I have 3 retirement policies through Old Mutual and Sanlam. These will pay out at age 55, 60 and 65. I am now 39 years old. I also have an Absa Money Market account and have been very good with saving in it via debit order. I do not touch the money in my savings account, as I perceive this account to be the same as the policies – don't touch until retirement. I plan to retire at 65.

My question is: I have an extra R250 00 per month at this stage. Do I continue with this into my money market, or should I try to upgrade any of the policies? Further question: I have spoken to a lot of friends/family who all say that policies are a waste of time, as you do save and do get the money at the end of the term, but the taxman takes so much, that you could rather have simply saved into a savings account.

According to my one uncle, he got out less on his policy after saving for 20 years (the same amount in a savings account as well as in a retirement policy).

What would be the best option for me: saving into the money market or an upgrade on the policy? I also get phone calls from eg Sanlam advising me of all kinds of new savings plans.

I don't want to save into such a plan if the taxman will take such a big lump at the end of the period. I would then rather save into a savings account, get monthly interest and be taxed on the interest I earn.
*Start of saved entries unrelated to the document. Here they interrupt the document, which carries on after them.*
(* Let an FTTC mechanism satisfy bounded advantage. Then for every FEE problem, the output assignment $p$ satisfies bounded envy: for all $i,j\in I$, $$\max_{o\in O}\Big[\sum_{o'\succsim_i o}p_{j,o'}-\sum_{o'\succsim_i o}p_{i,o'}\Big]\le\sum_{o\in O:\,\omega_{j,o}>\omega_{i,o}}(\omega_{j,o}-\omega_{i,o}).$$
   Context: Fractional endowment exchange (FEE) problem: a tuple $(I,O,\succsim_I,\omega)$ where $I$ is a finite set of agents, $O$ a finite set of objects, each agent $i$ has a complete and transitive (possibly non-strict) preference relation $\succsim_i$ over $O$ with asymmetric part $\succ_i$ and symmetric part $\sim_i$, and $\omega=(\omega_{i,o})_{i\in I,o\in O}$ is an endowment matrix with $\omega_{i,o}\in[0,1]$, $\sum_{o\in O}\omega_{i,o}\le 1$ for each $i$, and $q_o=\sum_{i\in I}\omega_{i,o}$ an integer for each $o$. An assignment is a nonnegative matrix $p=(p_{i,o})$ with $\sum_i p_{i,o}\le q_o$ for all $o$ and $\sum_o p_{i,o}\le 1$ for all $i$; $p_i=(p_{i,o})_{o\in O}$ is $i$'s lottery. FTTC (Fractional Top Trading Cycle) on the full preference domain. Initialize $\omega(0)=\omega$, $p(0)=0$, $O(0)=O$. At step $d\ge1$ (with $O(d-1)\ne\emptyset$): (i) Labeling. Put $T_0=O(d-1)$. For $k=1,2,\dots$: let $L_k$ be the set of agents $i\notin L_1\cup\dots\cup L_{k-1}$ for which there exist $o\in T_{k-1}$ and $o'\in O\setminus(T_0\cup\dots\cup T_{k-1})$ with $p_{i,o'}(d-1)>0$ and $o\sim_i o'$; for $i\in L_k$ let $\tilde O_i(d-1)$ be the set of all such $o'$ for this $i$, and let $T_k=\bigcup_{i\in L_k}\tilde O_i(d-1)$. Stop at the first $k$ with $L_k=\emptyset$. Set $L(d-1)=\bigcup_k L_k$, $\tilde O(d-1)=\bigcup_{k\ge1}T_k$, $\overline{O}(d-1)=O(d-1)\cup\tilde O(d-1)$, and $\tilde O_i(d-1)=\emptyset$ for $i\notin L(d-1)$. (ii) Pointing. The active agents are $I(d-1)=L(d-1)\cup\{i\in I:\sum_o\omega_{i,o}(d-1)>0\}$. For $i\in I(d-1)$ let $B_i$ be the set of $\succsim_i$-maximal elements of $\overline{O}(d-1)$, let $k_i$ be the least $k\ge0$ with $B_i\cap T_k\ne\emptyset$, and let $A_i(d)=B_i\cap T_{k_i}$. (iii) Trading. The mechanism chooses (possibly depending on the history): a ratio matrix $\lambda(d)=(\lambda_{i,o}(d))_{i\in I(d-1),o\in\overline{O}(d-1)}$, nonnegative, with $\sum_{i\in I(d-1)}\lambda_{i,o}(d)=1$ for each $o\in\overline O(d-1)$, $\lambda_{i,o}(d)>0$ only if $\omega_{i,o}(d-1)>0$ (for $o\in O(d-1)$) and only if $o\in\tilde O_i(d-1)$ (for $o\in\tilde O(d-1)$); a quota matrix $\beta(d)$ on $I(d-1)\times O(d-1)$ with $0\le\beta_{i,o}(d)\le\omega_{i,o}(d-1)$; a division matrix $\gamma(d)$ on $I(d-1)\times\overline O(d-1)$, nonnegative, with $\sum_o\gamma_{i,o}(d)=1$ and $\gamma_{i,o}(d)>0$ only if $o\in A_i(d)$. Let $x^*(d)=(x^*_a(d))_{a\in I(d-1)\cup\overline O(d-1)}$ be the maximum (componentwise largest) nonnegative solution of $x_o=\sum_{i\in I(d-1)}\gamma_{i,o}(d)x_i$ for all $o\in\overline O(d-1)$ and $x_i=\sum_{o\in\overline O(d-1)}\lambda_{i,o}(d)x_o$ for all $i\in I(d-1)$, subject to $\lambda_{i,o}(d)x_o\le\beta_{i,o}(d)$ for $o\in O(d-1)$ and $\lambda_{i,o}(d)x_o\le p_{i,o}(d-1)$ for $o\in\tilde O(d-1)$. For $i\in I(d-1)$: $\omega_{i,o}(d)=\omega_{i,o}(d-1)-\lambda_{i,o}(d)x^*_o(d)$ if $o\in O(d-1)$ and $0$ otherwise; $p_{i,o}(d)=p_{i,o}(d-1)-\mathbf 1[o\in\tilde O_i(d-1)]\lambda_{i,o}(d)x^*_o(d)+\gamma_{i,o}(d)x^*_i(d)$ (with $\gamma_{i,o}(d)=0$ for $o\notin\overline O(d-1)$). For $i\notin I(d-1)$, $\omega_i(d)=\omega_i(d-1)$, $p_i(d)=p_i(d-1)$. Let $O(d)=\{o\in O(d-1):\sum_i\omega_{i,o}(d)>0\}$. If $O(d)=\emptyset$ stop and output $p(d)$; otherwise go to step $d+1$. (Standing assumption: the maximum solution exists at each step and the procedure ends after finitely many steps.) An FTTC mechanism is specified by a rule choosing $\lambda(d),\beta(d),\gamma(d)$ at every step. Bounded advantage: at every step $d$, for all $i,j\in I(d-1)$ and all $o\in O(d-1)$, if $\omega_{i,o}(d-1)\ge\omega_{j,o}(d-1)$ then $\lambda_{i,o}(d)\ge\lambda_{j,o}(d)$ and $\omega_{i,o}(d)\ge\omega_{j,o}(d)$. *)

theory Defs
  imports Complex_Main
begin

(* Preferences: R i a b  means  a \<succeq>_i b  (agent i weakly prefers a to b). *)

definition indiff :: "('i \<Rightarrow> 'o \<Rightarrow> 'o \<Rightarrow> bool) \<Rightarrow> 'i \<Rightarrow> 'o \<Rightarrow> 'o \<Rightarrow> bool" where
  "indiff R i a b \<longleftrightarrow> R i a b \<and> R i b a"

definition pref_domain :: "'i set \<Rightarrow> 'o set \<Rightarrow> ('i \<Rightarrow> 'o \<Rightarrow> 'o \<Rightarrow> bool) \<Rightarrow> bool" where
  "pref_domain I Obj R \<longleftrightarrow>
     (\<forall>i\<in>I. (\<forall>a\<in>Obj. \<forall>b\<in>Obj. R i a b \<or> R i b a) \<and>
             (\<forall>a\<in>Obj. \<forall>b\<in>Obj. \<forall>c\<in>Obj. R i a b \<longrightarrow> R i b c \<longrightarrow> R i a c))"

definition FEE_problem :: "'i set \<Rightarrow> 'o set \<Rightarrow> ('i \<Rightarrow> 'o \<Rightarrow> 'o \<Rightarrow> bool) \<Rightarrow> ('i \<Rightarrow> 'o \<Rightarrow> real) \<Rightarrow> bool" where
  "FEE_problem I Obj R \<omega> \<longleftrightarrow>
     finite I \<and> finite Obj \<and> pref_domain I Obj R \<and>
     (\<forall>i\<in>I. \<forall>ob\<in>Obj. 0 \<le> \<omega> i ob \<and> \<omega> i ob \<le> 1) \<and>
     (\<forall>i\<in>I. (\<Sum>ob\<in>Obj. \<omega> i ob) \<le> 1) \<and>
     (\<forall>ob\<in>Obj. (\<Sum>i\<in>I. \<omega> i ob) \<in> \<int>)"

(* Labeling step (i): lab ... k = (T_k, L_k, T_0 \<union> ... \<union> T_k, L_1 \<union> ... \<union> L_k),
   with current object set Oc = Obj(d-1) and current assignment pc = p(d-1). *)
definition lab_Oi :: "'o set \<Rightarrow> ('i \<Rightarrow> 'o \<Rightarrow> 'o \<Rightarrow> bool) \<Rightarrow> ('i \<Rightarrow> 'o \<Rightarrow> real)
    \<Rightarrow> 'o set \<Rightarrow> 'o set \<Rightarrow> 'i \<Rightarrow> 'o set" where
  "lab_Oi Obj R pc T TA i = {ob'\<in>Obj - TA. pc i ob' > 0 \<and> (\<exists>ob\<in>T. indiff R i ob ob')}"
I'm sure I will pay less tax that way.

Your opinion would be of great help.


Answer

FINANCE
You have a very valid point and I would like to share with you some of my views – and I'm sure it will differ from client to client and also from financial advisor (FA) to financial advisor.

When a client comes to me, we work through some basic info and I quickly learn what this person's approach is to (for example) saving, taking risk and how that person feels about tax. One of my clients received pension payouts and she wanted to have 24hr access to the funds. This meant a money market account and her amount of interest for a full year will definitely be taxed. When one uses the interest earned on such an account, the money itself cannot grow and keep up with inflation. When the person saves the interest fully, the funds starts to grow bigger and bigger because of this (sure you know it, it's described in more detail for other readers). She wanted access to the money for building projects that was to start in a year or two and when I calculated the nett growth on her money (after tax) it was still very good compared to other options. A policy or retirement annuity (RA) has its place, believe you me! For many years I was very anti-RA's but since then I've seen that with decent planning of which funds your money are invested in and an openess with your FA re. the fees he/she takes as well as the fund manager when you choose the fund (or funds), clients CAN save on them but it's also for clients who don't (or won't save) any other way.

Also I have clients who I'd rather see pay money in their own RA's than to SARS and they also use the tax refunds very disciplined. If you can save up like this and not use the interest so it can grow in capital, it definitely gives good value for money and I will use it with a client who will save like this. Each client's own situation and whether they have a business, is married or not, children, health wise and cover if you cannot work until 65 even if that's your decision now – there are many factors to consider and then I make a plan for the client that is good for him/her.

I'm personally in favour of cash savings and also, I find quite a lot of clients who save on policies but do not know in which funds their premiums are invested – when your FA knows his/her funds and involved in the choosing of it, then you will have good growth on it over a long period over both low and high share markets.